Comparution de Jacques Duchesneau

Saisir l'occasion

Carpe diem, du chinois pour charest et fournier...



Il faut être de bien mauvaise foi pour ne pas comprendre l'ampleur des révélations faites toute la journée de mardi par le chef de l'Unité anticollusion Jacques Duchesneau. Ses propos ont été précis (combien de firmes se livrent au stratagème des élections clés en main? une dizaine), imagés (des valises pleines d'argent à blanchir qui circulent le vendredi au centre-ville), pédagogiques (fabuleux organigramme d'entreprises déployé pour nous montrer qu'il n'est pas facile d'en trouver le véritable propriétaire)...
M. Duchesneau, au terme de sa comparution, l'a qualifiée de «prise de conscience collective». À dire vrai, ce sont les médias qui ont d'abord parti le bal, et ont fait jouer la musique sans relâche depuis des mois. Mais les médias n'ont pas, en ces matières, l'autorité d'un ancien chef de police, et M. Duchesneau sait en imposer. Impossible, après avoir lu son rapport et l'avoir entendu pendant cinq heures, de ne pas conclure qu'il faut attaquer le problème de front, ouvertement, par une commission d'enquête dont les modalités doivent être définies, mais dont l'essence doit être publique.
Le premier ministre Charest, et ses ministres dans la foulée, tentent d'échapper à cet implacable constat, comme on l'a entendu hier à l'Assemblée nationale. Le gouvernement s'est même trouvé un nouveau mantra: trois principes qui vont guider sa réflexion sur la suite à donner aux propositions de M. Duchesneau. Le problème, c'est que ces principes l'enferment dans une logique d'intervention judiciaire, pour ne pas dire criminelle, alors que les explications données par le chef de l'UAC couvrent beaucoup plus large, et sont plus subtiles.
Par exemple, il est vrai que M. Duchesneau a affirmé mardi que l'implication des politiciens dans l'octroi des contrats se voit au niveau municipal — explication qui a eu l'heur de plaire dans le camp libéral, qui s'en est allègrement servi. Sauf que M. Duchesneau a aussi précisé qu'au provincial, son équipe n'avait «pas vu de lien direct» entre l'octroi de contrats et les politiciens. La nuance est importante. Les liens indirects sont possibles: ce n'est pas du ressort de la police, mais peut relever de la bonne gestion des fonds publics.
Le gouvernement, en fait, a choisi de découper le témoignage et le rapport du chef de l'UAC en petits morceaux, ne retenant que ce qui lui convient.

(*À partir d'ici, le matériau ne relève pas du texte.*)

(* In the standing setup with $A$ generic, let $g_i=B_i^{\rm T}f_0$ ($i=1,2,3$) and for $\varepsilon\ne 0$ let $\widetilde H(x,\varepsilon)=\varepsilon^{-1}x^{\rm T}J(I-\varepsilon f_0'(x))^{-1}x$ and $\widetilde K_i(x,\varepsilon)=\varepsilon^{-1}x^{\rm T}J(I-\varepsilon g_i'(x))^{-1}x$. Then $\widetilde K_1+\widetilde K_2+\widetilde K_3=\widetilde H$.
   Context: Standing setup: $J=\begin{pmatrix}0&I_3\\-I_3&0\end{pmatrix}$ ($6\times6$). $A$ is a fixed real $6\times 6$ skew-Hamiltonian matrix ($A^{\rm T}J=JA$). $H_0$ is a homogeneous cubic polynomial on $\mathbb R^6$ with $A\nabla^2H_0(x)=\nabla^2H_0(x)A^{\rm T}$ for all $x$ ($\nabla^2$ = Hesse matrix), $H_1,H_2$ homogeneous cubic polynomials with $\nabla H_1=A\nabla H_0$, $\nabla H_2=A\nabla H_1$, $f_i=J\nabla H_i$, primes denote Jacobi matrices. Genericity: the characteristic polynomial of $A$ (a square of a cubic) has three pairwise distinct roots $\lambda_1,\lambda_2,\lambda_3$, each a double eigenvalue. $B_i=\alpha_iI+\beta_iA+\gamma_iA^2$ ($i=1,2,3$), where $\alpha_i+\beta_i\lambda+\gamma_i\lambda^2$ is the unique polynomial of degree $\le2$ equal to $-1$ at $\lambda_i$ and to $1$ at the other two eigenvalues; then $B_i^2=I$ and $B_1+B_2+B_3=I$. *)

theory Defs
  imports "HOL-Analysis.Analysis"
begin

definition Jmat :: "real^6^6" where
  "Jmat = (\<chi> i j. if (i, j) \<in> {(0,3),(1,4),(2,5)} then 1
                   else if (i, j) \<in> {(3,0),(4,1),(5,2)} then -1 else 0)"

definition homog_cubic :: "(real^6 \<Rightarrow> real) \<Rightarrow> bool" where
  "homog_cubic H \<longleftrightarrow> (\<exists>c :: 6 \<Rightarrow> 6 \<Rightarrow> 6 \<Rightarrow> real.
      \<forall>x. H x = (\<Sum>i\<in>UNIV. \<Sum>j\<in>UNIV. \<Sum>k\<in>UNIV. c i j k * x$i * x$j * x$k))"

definition grad :: "(real^'n \<Rightarrow> real) \<Rightarrow> real^'n \<Rightarrow> real^'n" where
  "grad H x = (\<chi> i. frechet_derivative H (at x) (axis i 1))"

definition jacobi :: "(real^'n \<Rightarrow> 'a::real_normed_vector^'m) \<Rightarrow> real^'n \<Rightarrow> 'a^'n^'m" where
  "jacobi f x = (\<chi> i j. frechet_derivative f (at x) (axis j 1) $ i)"

definition hesse :: "(real^'n \<Rightarrow> real) \<Rightarrow> real^'n \<Rightarrow> real^'n^'n" where
  "hesse H x = jacobi (grad H) x"

definition cvec :: "real^'n \<Rightarrow> complex^'n" where
  "cvec x = (\<chi> i. complex_of_real (x$i))"

definition cmat :: "real^'n^'m \<Rightarrow> complex^'n^'m" where
  "cmat M = (\<chi> i j. complex_of_real (M$i$j))"

definition qform :: "'a::comm_ring_1^'n^'n \<Rightarrow> 'a^'n \<Rightarrow> 'a" where
  "qform M x = (\<Sum>i\<in>UNIV. x$i * (M *v x)$i)"

end

theory Submission
  imports Defs "HOL-Computational_Algebra.Polynomial"
begin

text \<open>
  Let \<open>S\<close> be the Hessian of \<open>H\<^sub>0\<close> at \<open>x\<close>, \<open>M = J S = f\<^sub>0'(x)\<close> and \<open>C\<^sub>i = B\<^sub>i\<^sup>T\<close>, so that
  \<open>g\<^sub>i'(x) = C\<^sub>i M\<close>. Because \<open>A\<close> is skew-Hamiltonian, \<open>J (z I - A)\<close> is skew-symmetric, and its
  Pfaffian adjugate \<open>R(z)\<close> satisfies \<open>R(z) (z I - A) = p(z) I\<close> with \<open>p(z) = Pf (J (z I - A))\<close>. So the
  cubic \<open>p\<close> annihilates \<open>A\<close> and vanishes at the three eigenvalues; hence the interpolation
  polynomials give involutions \<open>C\<^sub>i\<close> with \<open>C\<^sub>1 + C\<^sub>2 + C\<^sub>3 = I\<close>, each commuting with \<open>M\<close>.

  On the \<open>\<plusminus>1\<close>-eigenspaces of \<open>C\<^sub>i\<close> the resolvent \<open>(I - \<epsilon> C\<^sub>i M)\<^sup>-\<^sup>1\<close> agrees with
  \<open>(I \<mp> \<epsilon> M)\<^sup>-\<^sup>1\<close>, and summing over \<open>i\<close> gives
  \<open>\<Sum>\<^sub>i (I - \<epsilon> C\<^sub>i M)\<^sup>-\<^sup>1 = (I - \<epsilon> M)\<^sup>-\<^sup>1 + [(I - \<epsilon> M)\<^sup>-\<^sup>1 + (I + \<epsilon> M)\<^sup>-\<^sup>1]\<close>.
  As \<open>M\<close> is Hamiltonian, \<open>J\<close> times the bracket is skew-symmetric, so it does not contribute to
  the quadratic form \<open>x\<^sup>T J (\<dots>) x\<close>.
\<close>

section \<open>Complex square matrices as a ring\<close>

text \<open>Wrapping \<open>complex^'n^'n\<close> in a type lets \<open>**\<close> be the multiplication of a \<open>ring_1\<close>,
  so matrix identities can be proved with the ring automation.\<close>

typedef 'n sqm = "UNIV :: (complex^'n::finite^'n) set" morphisms mat_of sqm
  by auto

setup_lifting type_definition_sqm

lemma matrix_add_rdistrib: "(A + B) ** C = A ** C + B ** (C :: 'a::semiring_1^_^_)"
  by (vector matrix_matrix_mult_def sum.distrib[symmetric] field_simps)

instantiation sqm :: (finite) ring_1
begin
lift_definition zero_sqm :: "'a sqm" is 0 .
lift_definition one_sqm :: "'a sqm" is "mat 1" .
lift_definition plus_sqm :: "'a sqm \<Rightarrow> 'a sqm \<Rightarrow> 'a sqm" is "(+)" .
lift_definition minus_sqm :: "'a sqm \<Rightarrow> 'a sqm \<Rightarrow> 'a sqm" is "(-)" .
lift_definition uminus_sqm :: "'a sqm \<Rightarrow> 'a sqm" is uminus .
lift_definition times_sqm :: "'a sqm \<Rightarrow> 'a sqm \<Rightarrow> 'a sqm" is "(**)" .
instance
proof
  fix a b c :: "'a sqm"
  show "a * b * c = a * (b * c)" by transfer (simp add: matrix_mul_assoc)
  show "a + b + c = a + (b + c)" by transfer (rule add.assoc)
  show "a + b = b + a" by transfer (rule add.commute)
  show "0 + a = a" by transfer simp
  show "1 * a = a" by transfer simp
  show "a * 1 = a" by transfer simp
  show "- a + a = 0" by transfer simp
  show "a - b = a + - b" by transfer simp
  show "(a + b) * c = a * c + b * c" by transfer (rule matrix_add_rdistrib)
  show "a * (b + c) = a * b + a * c" by transfer (rule matrix_add_ldistrib)
  show "(0 :: 'a sqm) \<noteq> 1" by transfer (simp add: vec_eq_iff mat_def)
qed
end

lift_definition scal :: "complex \<Rightarrow> 'n::finite sqm" is mat .
lift_definition sqm_transpose :: "'n::finite sqm \<Rightarrow> 'n sqm" is transpose .

lemma sqm_eq_iff: "a = b \<longleftrightarrow> mat_of a = mat_of b"
  by (simp add: mat_of_inject)

lemma mat_of_ops [simp]:
  "mat_of (a * b) = mat_of a ** mat_of b" "mat_of (a + b) = mat_of a + mat_of b"
  "mat_of (a - b) = mat_of a - mat_of b" "mat_of (- a) = - mat_of a"
  "mat_of 1 = mat 1" "mat_of 0 = 0" "mat_of (scal c) = mat c" "mat_of (sqm_transpose a) = transpose (mat_of a)"
  by (transfer; simp)+

lemma mat_of_sqm [simp]: "mat_of (sqm X) = X"
  by (simp add: sqm_inverse)

lemma sqm_ops:
  "sqm (X ** Y) = sqm X * sqm Y" "sqm (X + Y) = sqm X + sqm Y" "sqm (X - Y) = sqm X - sqm Y"
  "sqm (- X) = - sqm X" "sqm (mat c) = scal c" "sqm (transpose X) = sqm_transpose (sqm X)"
  by (simp_all add: sqm_eq_iff sqm_inverse)

lemma mat_mult_left: "mat c ** X = (\<chi> i j. c * X$i$j)"
  for X :: "'a::comm_semiring_1^'n^'m"
  unfolding matrix_matrix_mult_def mat_def
  by (auto simp: vec_eq_iff if_distrib if_distribR sum.delta'[OF finite] sum.delta[OF finite] cong: if_cong)

lemma mat_mult_right: "X ** mat c = (\<chi> i j. X$i$j * c)"
  for X :: "'a::comm_semiring_1^'n^'m"
  unfolding matrix_matrix_mult_def mat_def
  by (auto simp: vec_eq_iff if_distrib if_distribR sum.delta'[OF finite] sum.delta[OF finite] cong: if_cong)

lemma scal_mult_commute: "scal c * a = a * scal c"
  by transfer (simp add: mat_mult_left mat_mult_right mult.commute)

lemma scal_left_commute: "a * (scal c * b) = scal c * (a * b)"
  by (metis mult.assoc scal_mult_commute)

lemma scal_mult: "scal (c * d) = scal c * scal d"
  by transfer (simp add: mat_mult_left, simp add: vec_eq_iff mat_def)

lemma scal_add: "scal (c + d) = scal c + scal d"
  by transfer (simp add: vec_eq_iff mat_def)

lemma scal_diff: "scal (c - d) = scal c - scal d"
  by transfer (simp add: vec_eq_iff mat_def)

lemma scal_minus: "scal (- c) = - scal c"
  by transfer (simp add: vec_eq_iff mat_def)

lemma scal_1 [simp]: "scal 1 = 1"
  by transfer simp

lemma scal_0 [simp]: "scal 0 = 0"
  by transfer simp

lemma sqm_transpose_mult: "sqm_transpose (a * b) = sqm_transpose b * sqm_transpose a"
  by transfer (rule matrix_transpose_mul)

lemma sqm_transpose_add: "sqm_transpose (a + b) = sqm_transpose a + sqm_transpose b"
  by transfer (simp add: vec_eq_iff transpose_def)

lemma sqm_transpose_scal [simp]: "sqm_transpose (scal c) = scal c"
  by transfer (rule transpose_mat)

lemma sqm_transpose_0 [simp]: "sqm_transpose 0 = 0"
  using sqm_transpose_scal[of 0] by simp

lemma sqm_transpose_1 [simp]: "sqm_transpose 1 = 1"
  using sqm_transpose_scal[of 1] by simp

lemma sqm_inverse_commute: "u * v = (1 :: 'n::finite sqm) \<Longrightarrow> v * u = 1"
  by transfer (rule matrix_left_right_inverse1)

section \<open>Scalar polynomials evaluated at a matrix\<close>

definition peval :: "complex poly \<Rightarrow> 'n::finite sqm \<Rightarrow> 'n sqm" where
  "peval p a = fold_coeffs (\<lambda>c r. scal c + a * r) p 0"

lemma peval_0 [simp]: "peval 0 a = 0"
  by (simp add: peval_def)

lemma peval_pCons: "peval (pCons c p) a = scal c + a * peval p a"
  by (cases "c = 0 \<and> p = 0")
    (auto simp: peval_def fold_coeffs_pCons_coeff_not_0_eq fold_coeffs_pCons_not_0_0_eq)

lemma peval_const: "peval [:c:] a = scal c"
  by (simp add: peval_pCons)

lemma peval_1 [simp]: "peval 1 a = 1"
  by (simp add: one_pCons peval_const)

lemma peval_add: "peval (p + q) a = peval p a + peval q a"
proof (induction p arbitrary: q)
  case (pCons c p)
  then show ?case by (cases q) (simp add: peval_pCons scal_add algebra_simps)
qed simp

lemma peval_diff: "peval (p - q) a = peval p a - peval q a"
  using peval_add[of "p - q" q a] by simp

lemma peval_smult: "peval (smult c p) a = scal c * peval p a"
  by (induction p) (simp_all add: peval_pCons scal_mult distrib_left scal_left_commute)

lemma peval_mult: "peval (p * q) a = peval p a * peval q a"
  by (induction p) (simp_all add: peval_pCons peval_add peval_smult algebra_simps)

lemma peval_commute: "a * peval p a = peval p a * a"
proof (induction p)
  case (pCons c p)
  then show ?case
    by (simp add: peval_pCons distrib_left distrib_right scal_mult_commute flip: mult.assoc)
qed simp

lemma peval_intertwine:
  assumes "a * s = s * b"
  shows "peval p a * s = s * peval p b"
proof (induction p)
  case (pCons c p)
  have "peval (pCons c p) a * s = scal c * s + a * (peval p a * s)"
    by (simp add: peval_pCons algebra_simps)
  also have "\<dots> = s * scal c + (a * s) * peval p b"
    by (simp add: pCons.IH scal_mult_commute mult.assoc)
  also have "\<dots> = s * peval (pCons c p) b"
    by (simp add: assms peval_pCons algebra_simps)
  finally show ?case .
qed simp

lemma sqm_transpose_peval: "sqm_transpose (peval p a) = peval p (sqm_transpose a)"
  by (induction p) (simp_all add: peval_pCons sqm_transpose_add sqm_transpose_mult peval_commute)

lemma peval_eq_if_agree_on_roots:
  fixes m p q :: "complex poly"
  assumes "peval m a = 0" "m \<noteq> 0" "finite L" "degree m \<le> card L"
    and "\<And>z. z \<in> L \<Longrightarrow> poly m z = 0 \<and> poly p z = poly q z"
  shows "peval p a = peval q a"
proof -
  have "m dvd p - q"
  proof (rule ccontr)
    assume ndvd: "\<not> m dvd p - q"
    define r where "r = (p - q) mod m"
    have "r \<noteq> 0" using ndvd by (simp add: r_def mod_eq_0_iff_dvd)
    have "L \<subseteq> {z. poly r z = 0}"
    proof
      fix z assume "z \<in> L"
      have "p - q = (p - q) div m * m + r" by (simp add: r_def)
      from arg_cong[OF this, of "\<lambda>f. poly f z"] show "z \<in> {z. poly r z = 0}"
        using assms(5)[OF \<open>z \<in> L\<close>] by simp
    qed
    then have "card L \<le> card {z. poly r z = 0}"
      using \<open>r \<noteq> 0\<close> by (intro card_mono poly_roots_finite)
    also have "\<dots> \<le> degree r" using \<open>r \<noteq> 0\<close> by (rule card_poly_roots_bound)
    also have "\<dots> < degree m" unfolding r_def using assms(2) ndvd by (rule degree_mod_less_degree)
    finally show False using assms(4) by simp
  qed
  then obtain k where "p - q = m * k" by (rule dvdE)
  then have "peval p a - peval q a = 0"
    by (simp add: assms(1) peval_mult flip: peval_diff)
  then show ?thesis by simp
qed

Ne voit-il donc pas toutes les bouées de sauvetage que M. Duchesneau, fort habilement, lui lance? Hier, en entrevue, celui-ci se disait ainsi convaincu de la volonté d'agir du premier ministre, prêt aussi à donner «la chance au coureur» au nouveau ministre des Transports, Pierre Moreau. Mais il maintient aussi la nécessité d'une enquête, et la population est entièrement derrière lui. Fort de son analyse, le gouvernement pourrait donc encore agir sans (trop) perdre la face. Une telle occasion ne se présentera plus beaucoup.